> _Saved entries_:
----

(* Let $\mathcal{C}$ be a Conway category and $\mathbf{Q}$ a finite automaton. If the identity $\Gamma(\mathbf{Q})$ holds in $\mathcal{C}$, then so does the identity $\Gamma(M(\mathbf{Q}))$ associated with the monoid $M(\mathbf{Q})$.
   Context: Cartesian categories have chosen finite products (terminal object $T$, projections $\pi_i$, tupling $\langle\cdot\rangle$, $!_A:A\to T$, $f\times g$), strictly associative; composition is written $g\circ f$; $\Delta_{A^n}=\langle 1_A,\ldots,1_A\rangle:A\to A^n$. A dagger operation maps $f:A\times C\to A$ to $f^\dagger:C\to A$. A Conway category is a cartesian category with dagger satisfying: $(f\circ(1_A\times g))^\dagger=f^\dagger\circ g$ ($f:A\times B\to A$, $g:C\to B$); $f^{\dagger\dagger}=(f\circ(\Delta_{A^2}\times 1_C))^\dagger$ ($f:A\times A\times C\to A$); $(f\circ\langle g,\pi_2^{A\times C}\rangle)^\dagger=f\circ\langle (g\circ\langle f,\pi_2^{B\times C}\rangle)^\dagger,1_C\rangle$ ($f:B\times C\to A$, $g:A\times C\to B$). A finite automaton $\mathbf{Q}=(Q,Z,\cdot)$ has finite nonempty state set $Q$, finite nonempty input alphabet $Z$ and action $Q\times Z\to Q$, extended to words; $M(\mathbf{Q})$ is the monoid of functions $Q\to Q$, $q\mapsto qu$, induced by words $u\in Z^*$, with product $u^{\mathbf{Q}}\cdot v^{\mathbf{Q}}=(uv)^{\mathbf{Q}}$. Write $Q=\{q_1,\ldots,q_n\}$, identified with $\{1,\ldots,n\}$, and $Z=\{a_1,\ldots,a_m\}$. For an object $A$ and $i\in[n]$ let $\rho_i^{\mathbf{Q},A}=\langle\pi^{A^n}_{ia_1},\ldots,\pi^{A^n}_{ia_m}\rangle:A^n\to A^m$ ($ia_j$ is the index of $q_i\cdot a_j$). For $f:A^m\times C\to A$ let $f^{\mathbf{Q},A}:A^n\times C\to A^n$ have components $\pi_i^{A^n}\circ f^{\mathbf{Q},A}=f\circ(\rho_i^{\mathbf{Q},A}\times 1_C)$. The identity $\Gamma(\mathbf{Q})$ holds in $\mathcal{C}$ if $(f^{\mathbf{Q},A})^\dagger=\Delta_{A^n}\circ(f\circ(\Delta_{A^m}\times 1_C))^\dagger$ for all objects $A,C$ and all $f:A^m\times C\to A$. For a finite monoid $M$, $\Gamma(M)$ denotes $\Gamma$ of the automaton $(M,M,\cdot)$ whose action is monoid multiplication. *)

theory Defs
  imports Main
begin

----

> _Required action_: Each record must be transcribed exactly, with nothing left out.

> _Answer for this exercise_:
(* Let $\mathcal{C}$ be a Conway category and $\mathbf{Q}$ a finite automaton. If the identity $\Gamma(\mathbf{Q})$ holds in $\mathcal{C}$, then so does the identity $\Gamma(M(\mathbf{Q}))$ associated with the monoid $M(\mathbf{Q})$.
   Context: Cartesian categories have chosen finite products (terminal object $T$, projections $\pi_i$, tupling $\langle\cdot\rangle$, $!_A:A\to T$, $f\times g$), strictly associative; composition is written $g\circ f$; $\Delta_{A^n}=\langle 1_A,\ldots,1_A\rangle:A\to A^n$. A dagger operation maps $f:A\times C\to A$ to $f^\dagger:C\to A$. A Conway category is a cartesian category with dagger satisfying: $(f\circ(1_A\times g))^\dagger=f^\dagger\circ g$ ($f:A\times B\to A$, $g:C\to B$); $f^{\dagger\dagger}=(f\circ(\Delta_{A^2}\times 1_C))^\dagger$ ($f:A\times A\times C\to A$); $(f\circ\langle g,\pi_2^{A\times C}\rangle)^\dagger=f\circ\langle (g\circ\langle f,\pi_2^{B\times C}\rangle)^\dagger,1_C\rangle$ ($f:B\times C\to A$, $g:A\times C\to B$). A finite automaton $\mathbf{Q}=(Q,Z,\cdot)$ has finite nonempty state set $Q$, finite nonempty input alphabet $Z$ and action $Q\times Z\to Q$, extended to words; $M(\mathbf{Q})$ is the monoid of functions $Q\to Q$, $q\mapsto qu$, induced by words $u\in Z^*$, with product $u^{\mathbf{Q}}\cdot v^{\mathbf{Q}}=(uv)^{\mathbf{Q}}$. Write $Q=\{q_1,\ldots,q_n\}$, identified with $\{1,\ldots,n\}$, and $Z=\{a_1,\ldots,a_m\}$. For an object $A$ and $i\in[n]$ let $\rho_i^{\mathbf{Q},A}=\langle\pi^{A^n}_{ia_1},\ldots,\pi^{A^n}_{ia_m}\rangle:A^n\to A^m$ ($ia_j$ is the index of $q_i\cdot a_j$). For $f:A^m\times C\to A$ let $f^{\mathbf{Q},A}:A^n\times C\to A^n$ have components $\pi_i^{A^n}\circ f^{\mathbf{Q},A}=f\circ(\rho_i^{\mathbf{Q},A}\times 1_C)$. The identity $\Gamma(\mathbf{Q})$ holds in $\mathcal{C}$ if $(f^{\mathbf{Q},A})^\dagger=\Delta_{A^n}\circ(f\circ(\Delta_{A^m}\times 1_C))^\dagger$ for all objects $A,C$ and all $f:A^m\times C\to A$. For a finite monoid $M$, $\Gamma(M)$ denotes $\Gamma$ of the automaton $(M,M,\cdot)$ whose action is monoid multiplication. *)

theory Defs
  imports Main
begin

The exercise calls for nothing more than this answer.